A implantação foi gradual e pragmática. Primeiro vieram reformas agrícolas, permitindo que famílias rurais recebessem contratos de uso da terra e vendessem sua produção. Depois foram liberadas pequenas empresas privadas, flexibilizados os preços e abertas as portas para o investimento estrangeiro. Na década de 1990, o Vietnã aprofundou sua integração internacional, normalizou relações com diversos países e passou a atrair empresas multinacionais, tornando-se membro da Organização Mundial do Comércio em 2007. Os EUA suspenderam o embargo comercia contra o Vietnã em 1994 e no ano seguinte reataram suas relações diplomáticas com o país.
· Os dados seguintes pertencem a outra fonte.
(* Fix a policy (choosing $A_t$ as a function of the observations available before round $t$) and two parameter vectors $\theta,\theta'\in(0,1)^K$ sharing the same delay CDF $\tau$. Let $\ell_T$ be the log-likelihood ratio $\log\big(p_\theta(\mathcal O_T)/p_{\theta'}(\mathcal O_T)\big)$ of all observations $\mathcal O_T$ collected up to round $T$. In the censored model with threshold $m$, \[ \mathbb{E}_\theta[\ell_T]=\mathbb{E}_\theta\Big[\sum_{s=1}^{T-m}d(\theta_{A_s}\tau_m,\theta'_{A_s}\tau_m)+\sum_{s=T-m+1}^{T}d(\theta_{A_s}\tau_{T-s},\theta'_{A_s}\tau_{T-s})\Big], \] and in the uncensored model, \[ \mathbb{E}_\theta[\ell_T]=\mathbb{E}_\theta\Big[\sum_{s=1}^{T}d(\theta_{A_s}\tau_{T-s},\theta'_{A_s}\tau_{T-s})\Big]. \]
   Context: Delayed-feedback bandit model: $K$ arms with conversion rates $\theta_1,\dots,\theta_K$; a delay distribution on $\mathbb{N}$ with CDF $\tau_d=\mathbb{P}(D\le d)$. At each round $t$ the learner picks $A_t$ based on past observations; this triggers, conditionally independently given the past, $C_t\sim\mathrm{Bernoulli}(\theta_{A_t})$ and $D_t\sim\tau$. Let $X_{s,t}=C_s\mathbf{1}\{D_s\le t-s\}$ for $s\le t$. Uncensored model: at round $t$ the learner observes all $X_{s,t}$, $1\le s\le t$; so the observations up to round $T$ are $(X_{s,t})_{1\le s\le t\le T}$. Censored model with threshold $m\ge1$: at round $t$ the learner observes $X_{s,t}$ only for $t-m\le s\le t$; so the observations up to $T$ are $(X_{s,t})_{1\le t\le T,\,t-m\le s\le t}$. $\mathbb{E}_\theta$ denotes expectation when the conversion rates are $\theta$. $d(p,q)=p\log(p/q)+(1-p)\log((1-p)/(1-q))$ with the convention $d(0,0)=0$. *)

theory Defs
  imports "HOL-Probability.Probability"
begin
text \<open>The powers of this self-adjoint element stay block diagonal, so its \<open>2\<^sup>k\<close>-th powers have norm
  at most \<open>2 M\<^bsup>2\<^sup>k\<^esup>\<close> with \<open>M = max |a| \<parallel>c\<parallel>\<close>; the C*-identity turns this into the bound \<open>M\<close>.\<close>
lemma norm_corner_sum_le:
  fixes e c :: "'a::cstar_algebra"
  assumes e: "projection e" and c: "cstar c = c"
  shows "norm (a *\<^sub>R (1 - e) + e * c * e) \<le> max \<bar>a\<bar> (norm c)"
proof -
  define z where "z = a *\<^sub>R (1 - e) + e * c * e"
  define M where "M = max \<bar>a\<bar> (norm c)"
  have z_sa: "cstar z = z" using e c unfolding z_def
    by (simp add: projection_def cstar_add cstar_scaleR cstar_diff cstar_one cstar_mult mult.assoc)
  have ne: "norm e \<le> 1" and nf: "norm (1 - e) \<le> 1"
    using e by (simp_all add: norm_projection_le_1 projection_one_minus)
  have nD: "norm (e * c * e) \<le> norm c"
  proof -
    have "norm (e * c * e) \<le> norm e * norm c * norm e"
      by (meson norm_mult_ineq order_trans mult_right_mono norm_ge_zero)
    also have "\<dots> \<le> 1 * norm c * 1" using ne by (intro mult_mono) (auto intro: mult_le_one)
    finally show ?thesis by simp
  qed
  have bound: "norm (z ^ Suc N) \<le> 2 * M ^ Suc N" for N
  proof -
    have "norm (z ^ Suc N) \<le> norm ((a ^ Suc N) *\<^sub>R (1 - e)) + norm ((e * c * e) ^ Suc N)"
      using e unfolding z_def projection_def by (simp only: corner_sum_power norm_triangle_ineq)
    also have "\<dots> \<le> \<bar>a\<bar> ^ Suc N + norm c ^ Suc N"
    proof (rule add_mono)
      show "norm ((a ^ Suc N) *\<^sub>R (1 - e)) \<le> \<bar>a\<bar> ^ Suc N"
        using nf by (simp only: norm_scaleR power_abs[symmetric]) (simp add: mult_left_le)
      have "norm ((e * c * e) ^ Suc N) \<le> norm (e * c * e) ^ Suc N" by (rule norm_power_le_power)
      also have "\<dots> \<le> norm c ^ Suc N" using nD by (intro power_mono) simp_all
      finally show "norm ((e * c * e) ^ Suc N) \<le> norm c ^ Suc N" .
    qed
    also have "\<dots> \<le> M ^ Suc N + M ^ Suc N" by (intro add_mono power_mono) (auto simp: M_def)
    finally show ?thesis by simp
  qed
  have "norm z \<le> M"
  proof (rule real_le_if_pow2_powers_le_twice)
    fix k :: nat
    obtain N where N: "(2::nat) ^ k = Suc N" using not0_implies_Suc by force
    show "norm z ^ (2 ^ k) \<le> 2 * M ^ (2 ^ k)"
      using norm_selfadjoint_power_pow2[OF z_sa, of k] bound[of N] N by simp
  qed (simp_all add: M_def)
  then show ?thesis by (simp add: z_def M_def)
qed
Os benefícios do crescimento econômico não foram distribuídos uniformemente. As regiões de Saigon, Hanoi e polos industriais do norte enriqueceram mais rapidamente que regiões rurais remotas. Grupos étnicos minoritários se beneficiaram menos. Trabalhadores qualificados se beneficiaram mais. Proprietários de negócios tiveram ganho maior que assalariados comuns. Entretanto, se agora há super ricos no Vietnã, a pobreza extrema passou de cerca de 75% da população para algo em torno de 2%. Tudo isso em apenas 40 anos.
O meio ambiente sofreu. Grandes cidades tornaram-se mais poluídas, alguns rios próximos a áreas industriais receberam grandes quantidades de efluentes urbanos e industriais sem tratamento adequado e houve exploração madeireira não sustentável em determinadas áreas florestais. A rápida industrialização e urbanização também aumentaram a geração de resíduos, pressionaram ecossistemas costeiros e contribuíram para a perda de áreas naturais. O Vietnã repetiu, em escala menor, um padrão observado em muitos países em desenvolvimento: primeiro crescer, depois lidar com os custos ambientais do crescimento.
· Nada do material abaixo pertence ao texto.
(* Let $R$ be a unique factorization domain. Let $n,m\geqslant 1$, $s_1,\dots,s_n\in(\operatorname{Sqf} R)\setminus R^{\ast}$ and $t_1,\dots,t_m\in(\operatorname{Sqf} R)\setminus R^{\ast}$, integers $k_1,\dots,k_n\geqslant 1$ and $l_1,\dots,l_m\geqslant 1$, and $c,d\in R^{\ast}$, such that $s_i\mid s_{i+1}$ and $s_i\not\sim s_{i+1}$ for $i=1,\dots,n-1$, and $t_i\mid t_{i+1}$ and $t_i\not\sim t_{i+1}$ for $i=1,\dots,m-1$. If $$c\,s_1^{k_1}s_2^{k_2}\cdots s_n^{k_n}=d\,t_1^{l_1}t_2^{l_2}\cdots t_m^{l_m},$$ then $n=m$, and $s_i\sim t_i$ and $k_i=l_i$ for $i=1,\dots,n$.
   Context: $R^{\ast}$ denotes the set of invertible elements of $R$; $a\sim b$ means $a$ and $b$ are associated; $a\mid b$ means $a$ divides $b$. An element $a\in R$ is square-free if it cannot be written as $a=b^2c$ with $b\in R\setminus R^{\ast}$ and $c\in R$; $\operatorname{Sqf} R$ denotes the set of square-free elements of $R$. *)

theory Defs
  imports "HOL-Computational_Algebra.Factorial_Ring"
begin

definition sqf :: "'a::comm_semiring_1 \<Rightarrow> bool" where
  "sqf a \<longleftrightarrow> \<not> (\<exists>b c. \<not> b dvd 1 \<and> a = b^2 * c)"

definition assoc :: "'a::comm_semiring_1 \<Rightarrow> 'a \<Rightarrow> bool" where
  "assoc a b \<longleftrightarrow> a dvd b \<and> b dvd a"

end

theory Submission
  imports Defs
begin

text \<open>For a prime \<open>p\<close>, the divisibility chain makes \<open>{i. p dvd s i}\<close> a final segment
\<open>{j..n}\<close> of the indices, and square-freeness makes each \<open>s i\<close> contribute multiplicity
\<open>k i\<close> or \<open>0\<close>. Hence the nonzero multiplicities of primes in the product are exactly the
tail sums \<open>k j + \<dots> + k n\<close>, every one of them attained because \<open>s j\<close> has a prime divisor
not dividing \<open>s (j - 1)\<close>. These tail sums strictly decrease, so both sides of the equation
yield the same decreasing sequence: the lengths, the tail sums and hence the exponents agree.
Finally \<open>p dvd s i\<close> holds iff the multiplicity of \<open>p\<close> reaches the \<open>i\<close>-th tail sum, so
\<open>s i\<close> and \<open>t i\<close> have the same prime divisors and, being square-free, are associated.\<close>

lemma sqf_nonzero: "sqf (x::'a::factorial_semiring) \<Longrightarrow> x \<noteq> 0"
  unfolding sqf_def by (metis mult_zero_right not_is_unit_0)

lemma multiplicity_sqf:
  fixes x p :: "'a::factorial_semiring"
  assumes "sqf x" "prime p"
  shows "multiplicity p x = (if p dvd x then 1 else 0)"
proof -
  have "multiplicity p x \<le> 1"
  proof (rule ccontr)
    assume "\<not> multiplicity p x \<le> 1"
    then have "p ^ 2 dvd x" by (intro multiplicity_dvd') simp
    then obtain c where "x = p ^ 2 * c" by (elim dvdE)
    with assms show False unfolding sqf_def by (metis not_prime_unit)
  qed
  moreover have "p dvd x \<longleftrightarrow> multiplicity p x > 0"
    using prime_multiplicity_gt_zero_iff[of p x] assms sqf_nonzero by auto
  ultimately show ?thesis by auto
qed

lemma sqf_dvd_if_prime_divisors_dvd:
  fixes x y :: "'a::factorial_semiring"
  assumes "sqf x" "sqf y" "\<And>p. prime p \<Longrightarrow> p dvd x \<Longrightarrow> p dvd y"
  shows "x dvd y"
  using assms by (intro multiplicity_le_imp_dvd sqf_nonzero) (auto simp: multiplicity_sqf)

lemma sqf_assoc_iff_same_prime_divisors:
  fixes x y :: "'a::factorial_semiring"
  assumes "sqf x" "sqf y"
  shows "assoc x y \<longleftrightarrow> (\<forall>p. prime p \<longrightarrow> p dvd x \<longleftrightarrow> p dvd y)"
  using assms sqf_dvd_if_prime_divisors_dvd dvd_trans unfolding assoc_def by metis

lemma sorted_wrt_rev_map_upt:
  fixes f :: "nat \<Rightarrow> 'a::linorder"
  assumes "\<forall>i\<in>{1..<n}. f (Suc i) < f i"
  shows "sorted_wrt (<) (rev (map f [1..<Suc n]))"
  unfolding sorted_wrt_rev sorted_wrt_map
  using assms by (subst sorted_wrt_iff_nth_Suc_transp) (auto simp: transp_def simp del: upt_Suc)

lemma decreasing_eq_if_image_eq:
  fixes f g :: "nat \<Rightarrow> 'a::linorder"
  assumes "\<forall>i\<in>{1..<n}. f (Suc i) < f i" and "\<forall>i\<in>{1..<m}. g (Suc i) < g i"
    and "f ` {1..n} = g ` {1..m}"
  shows "n = m \<and> (\<forall>i\<in>{1..n}. f i = g i)"
proof -
  have "set (rev (map f [1..<Suc n])) = set (rev (map g [1..<Suc m]))"
    using assms(3) by (simp add: atLeastLessThanSuc_atLeastAtMost del: upt_Suc)
  then have "rev (map f [1..<Suc n]) = rev (map g [1..<Suc m])"
    using assms(1,2) by (intro strict_sorted_equal sorted_wrt_rev_map_upt)
  then have eq: "map f [1..<Suc n] = map g [1..<Suc m]" by simp
  then have "n = m" by (metis length_map length_upt diff_Suc_1)
  moreover have "f i = g i" if "i \<in> {1..n}" for i
    using arg_cong[OF eq, of "\<lambda>xs. xs ! (i - 1)"] that \<open>n = m\<close> by (auto simp del: upt_Suc)
  ultimately show ?thesis by blast
qed

locale sqf_chain =
  fixes s :: "nat \<Rightarrow> 'a::factorial_semiring" and k :: "nat \<Rightarrow> nat" and n :: nat
  assumes sqf_nonunit: "\<forall>i\<in>{1..n}. sqf (s i) \<and> \<not> is_unit (s i)"
    and exponent_pos: "\<forall>i\<in>{1..n}. k i \<ge> 1"
    and strict_chain: "\<forall>i\<in>{1..n-1}. s i dvd s (i+1) \<and> \<not> assoc (s i) (s (i+1))"
begin

abbreviation chain_prod :: 'a where
  "chain_prod \<equiv> \<Prod>i=1..n. s i ^ k i"

definition tail :: "nat \<Rightarrow> nat" where
  "tail j = (\<Sum>i=j..n. k i)"

lemma tail_Suc_last: "tail (Suc n) = 0"
  unfolding tail_def by simp

lemma tail_Suc_less: "i \<in> {1..n} \<Longrightarrow> tail (Suc i) < tail i"
  using exponent_pos unfolding tail_def by (subst (2) sum.atLeast_Suc_atMost) force+

lemma exponent_eq_tail_diff: "i \<in> {1..n} \<Longrightarrow> k i = tail i - tail (Suc i)"
  unfolding tail_def by (subst sum.atLeast_Suc_atMost) auto

lemma dvd_chain_mono:
  assumes "p dvd s i" "1 \<le> i" "i \<le> j" "j \<le> n"
  shows "p dvd s j"
  using assms(3,4)
proof (induction j rule: dec_induct)
  case (step j)
  with assms(2) strict_chain have "s j dvd s (Suc j)" by auto
  with step show ?case by (auto intro: dvd_trans)
qed (use assms(1) in simp)

lemma multiplicity_prod:
  assumes "prime p"
  shows "multiplicity p chain_prod = sum k {i\<in>{1..n}. p dvd s i}"
proof -
  have nonzero: "s i \<noteq> 0" if "i \<in> {1..n}" for i
    using sqf_nonunit sqf_nonzero that by blast
  have "multiplicity p chain_prod = (\<Sum>i=1..n. multiplicity p (s i ^ k i))"
    using assms nonzero by (intro prime_elem_multiplicity_prod_distrib) auto
  also have "\<dots> = (\<Sum>i=1..n. k i * multiplicity p (s i))"
    using assms nonzero by (intro sum.cong prime_elem_multiplicity_power_distrib) auto
  also have "\<dots> = (\<Sum>i=1..n. if p dvd s i then k i else 0)"
    using assms sqf_nonunit by (intro sum.cong) (auto simp: multiplicity_sqf)
  also have "\<dots> = sum k {i\<in>{1..n}. p dvd s i}"
    by (rule sum.inter_filter[symmetric]) simp
  finally show ?thesis .
qed

lemma prime_divisor_indices:
  assumes "p dvd s i" "i \<in> {1..n}" "i = 1 \<or> \<not> p dvd s (i - 1)"
  shows "{j\<in>{1..n}. p dvd s j} = {i..n}"
proof -
  have "\<not> p dvd s j" if "1 \<le> j" "j < i" for j
  proof
    assume "p dvd s j"
    moreover have "j \<le> i - 1" "i - 1 \<le> n" using that assms(2) by auto
    ultimately have "p dvd s (i - 1)" using dvd_chain_mono that(1) by blast
    with assms(3) that show False by auto
  qed
  then show ?thesis
    using assms(1,2) dvd_chain_mono[OF assms(1)] by (auto simp: not_less[symmetric])
qed

lemma prime_dvd_iff_tail_le_multiplicity:
  assumes "prime p" "i \<in> {1..n}"
  shows "p dvd s i \<longleftrightarrow> tail i \<le> multiplicity p chain_prod"
proof (cases "p dvd s i")
  case True
  then have "{i..n} \<subseteq> {j\<in>{1..n}. p dvd s j}"
    using dvd_chain_mono[of p i] assms(2) by auto
  then have "tail i \<le> multiplicity p chain_prod"
    unfolding multiplicity_prod[OF assms(1)] tail_def by (intro sum_mono2) auto
  with True show ?thesis by simp
next
  case False
  have "{j\<in>{1..n}. p dvd s j} \<subseteq> {Suc i..n}"
  proof
    fix j assume j: "j \<in> {j\<in>{1..n}. p dvd s j}"
    with dvd_chain_mono[of p j i] assms(2) False have "\<not> j \<le> i" by auto
    with j show "j \<in> {Suc i..n}" by auto
  qed
  then have "multiplicity p chain_prod \<le> tail (Suc i)"
    unfolding multiplicity_prod[OF assms(1)] tail_def by (intro sum_mono2) auto
  with False tail_Suc_less[OF assms(2)] show ?thesis by simp
qed

lemma obtain_prime_dvd_not_dvd_pred:
  assumes "i \<in> {1..n}"
  obtains p where "prime p" "p dvd s i" "i = 1 \<or> \<not> p dvd s (i - 1)"
proof (cases "i = 1")
  case True
  have "sqf (s i)" "\<not> is_unit (s i)" using sqf_nonunit assms by auto
  then obtain p where "p dvd s i" "prime p" using prime_divisor_exists sqf_nonzero by blast
  with True that show ?thesis by blast
next
  case False
  then have pred: "i - 1 \<in> {1..n-1}" "i - 1 + 1 = i" using assms by auto
  with bspec[OF strict_chain pred(1)] have "s (i - 1) dvd s i" "\<not> assoc (s (i - 1)) (s i)"
    by simp_all
  then have "\<not> s i dvd s (i - 1)" by (auto simp: assoc_def)
  moreover have "sqf (s i)" "sqf (s (i - 1))"
    using bspec[OF sqf_nonunit, of i] bspec[OF sqf_nonunit, of "i - 1"] assms pred(1) by auto
  ultimately obtain p where "prime p" "p dvd s i" "\<not> p dvd s (i - 1)"
    using sqf_dvd_if_prime_divisors_dvd by blast
  with that show ?thesis by blast
qed

lemma multiplicity_values:
  "{multiplicity p chain_prod | p. prime p \<and> multiplicity p chain_prod \<noteq> 0} = tail ` {1..n}"
proof (intro equalityI subsetI)
  fix x assume "x \<in> {multiplicity p chain_prod | p. prime p \<and> multiplicity p chain_prod \<noteq> 0}"
  then obtain p where p: "prime p" "multiplicity p chain_prod \<noteq> 0" and x: "x = multiplicity p chain_prod"
    by blast
  let ?I = "{j\<in>{1..n}. p dvd s j}"
  have "?I \<noteq> {}"
  proof
    assume "?I = {}"
    with multiplicity_prod[OF p(1)] have "multiplicity p chain_prod = 0" by (simp only: sum.empty)
    with p(2) show False ..
  qed
  then have "Min ?I \<in> ?I" by (intro Min_in) simp_all
  have min: "Min ?I \<le> j" if "j \<in> ?I" for j using that by (intro Min_le) simp_all
  have "Min ?I = 1 \<or> \<not> p dvd s (Min ?I - 1)"
  proof (rule ccontr)
    assume "\<not> ?thesis"
    with \<open>Min ?I \<in> ?I\<close> have "Min ?I - 1 \<in> ?I" by auto
    from min[OF this] \<open>\<not> ?thesis\<close> \<open>Min ?I \<in> ?I\<close> show False by auto
  qed
  with \<open>Min ?I \<in> ?I\<close> have "?I = {Min ?I..n}"
    by (intro prime_divisor_indices) auto
  then have "x = tail (Min ?I)"
    using x multiplicity_prod[OF p(1)] unfolding tail_def by simp
  with \<open>Min ?I \<in> ?I\<close> show "x \<in> tail ` {1..n}" by blast
next
  fix x assume "x \<in> tail ` {1..n}"
  then obtain i where i: "i \<in> {1..n}" and x: "x = tail i" by blast
  obtain p where p: "prime p" "p dvd s i" "i = 1 \<or> \<not> p dvd s (i - 1)"
    using obtain_prime_dvd_not_dvd_pred[OF i] .
  have "multiplicity p chain_prod = tail i"
    using multiplicity_prod[OF p(1)] prime_divisor_indices[OF p(2) i p(3)] unfolding tail_def by simp
  moreover have "tail i \<noteq> 0" using tail_Suc_less[OF i] by simp
  ultimately show "x \<in> {multiplicity p chain_prod | p. prime p \<and> multiplicity p chain_prod \<noteq> 0}"
    using p(1) unfolding x by (intro CollectI exI[of _ p]) simp
qed

end

theorem proposition2:
  fixes s t :: "nat \<Rightarrow> 'a::{factorial_semiring, idom}"
    and k l :: "nat \<Rightarrow> nat"
    and n m :: nat
    and c d :: 'a
  assumes "n \<ge> 1" and "m \<ge> 1"
    and "\<forall>i\<in>{1..n}. sqf (s i) \<and> \<not> is_unit (s i)"
    and "\<forall>i\<in>{1..m}. sqf (t i) \<and> \<not> is_unit (t i)"
    and "\<forall>i\<in>{1..n}. k i \<ge> 1"
    and "\<forall>i\<in>{1..m}. l i \<ge> 1"
    and "is_unit c" and "is_unit d"
    and "\<forall>i\<in>{1..n-1}. s i dvd s (i+1) \<and> \<not> assoc (s i) (s (i+1))"
    and "\<forall>i\<in>{1..m-1}. t i dvd t (i+1) \<and> \<not> assoc (t i) (t (i+1))"
    and "c * (\<Prod>i=1..n. s i ^ k i) = d * (\<Prod>i=1..m. t i ^ l i)"
  shows "n = m \<and> (\<forall>i\<in>{1..n}. assoc (s i) (t i) \<and> k i = l i)"
proof -
  interpret S: sqf_chain s k n using assms(3,5,9) by unfold_locales
  interpret T: sqf_chain t l m using assms(4,6,10) by unfold_locales
  have mult_eq: "multiplicity p S.chain_prod = multiplicity p T.chain_prod" for p
  proof -
    have "multiplicity p S.chain_prod = multiplicity p (c * S.chain_prod)"
      using multiplicity_times_unit_right[OF assms(7)] by simp
    also have "\<dots> = multiplicity p (d * T.chain_prod)" using assms(11) by simp
    also have "\<dots> = multiplicity p T.chain_prod"
      using multiplicity_times_unit_right[OF assms(8)] by simp
    finally show ?thesis .
  qed
  have "S.tail ` {1..n} = T.tail ` {1..m}"
    using S.multiplicity_values T.multiplicity_values mult_eq by simp
  then have "n = m \<and> (\<forall>i\<in>{1..n}. S.tail i = T.tail i)"
    by (intro decreasing_eq_if_image_eq) (auto intro: S.tail_Suc_less T.tail_Suc_less)
  then have nm: "n = m" and tails: "\<forall>i\<in>{1..n}. S.tail i = T.tail i" by blast+
  have "assoc (s i) (t i) \<and> k i = l i" if i: "i \<in> {1..n}" for i
  proof
    have "S.tail (Suc i) = T.tail (Suc i)"
    proof (cases "i = n")
      case True
      then show ?thesis using nm S.tail_Suc_last T.tail_Suc_last by simp
    next
      case False
      with i tails show ?thesis by simp
    qed
    moreover have "S.tail i = T.tail i" using i tails by blast
    ultimately show "k i = l i"
      using S.exponent_eq_tail_diff[OF i] T.exponent_eq_tail_diff i nm by simp
    have "p dvd s i \<longleftrightarrow> p dvd t i" if "prime p" for p
      using S.prime_dvd_iff_tail_le_multiplicity[OF that i]
        T.prime_dvd_iff_tail_le_multiplicity[OF that, of i] i nm tails mult_eq by simp
    moreover have "sqf (s i)" "sqf (t i)" using assms(3,4) i nm by auto
    ultimately show "assoc (s i) (t i)" by (simp add: sqf_assoc_iff_same_prime_divisors)
  qed
  with nm show ?thesis by blast
qed

end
Alegria e otimismo, prosperidade, desigualdade, custo ambiental – foi o que observei durante 2.200 km pedalados ao longo de 7 semanas.
Seria tentador atribuir esse ambiente de otimismo apenas ao crescimento econômico das últimas décadas. Mas suspeito que haja, ao menos, outro componente. Povos que atravessaram guerras prolongadas, perdas e sacrifícios coletivos parecem, por vezes, desenvolver uma notável valorização da vida cotidiana. Quem sabe parte da alegria vietnamita tenha raízes não apenas na prosperidade recente, mas também na memória de tudo o que foi superado?
Enquanto estive na Baía Ha Long, um turista com sotaque texano comentou comigo que a guerra de nada valeu pois o país voltara ao capitalismo. Apontava como prova definitiva de sua tese o número de multinacionais e grifes de luxo operando no país. Concordei com ele para terminar ali nossa conversa e seguir aproveitando a paisagem. Me confortava saber que quem estava no comando do processo era o Partido Comunista do Vietnã.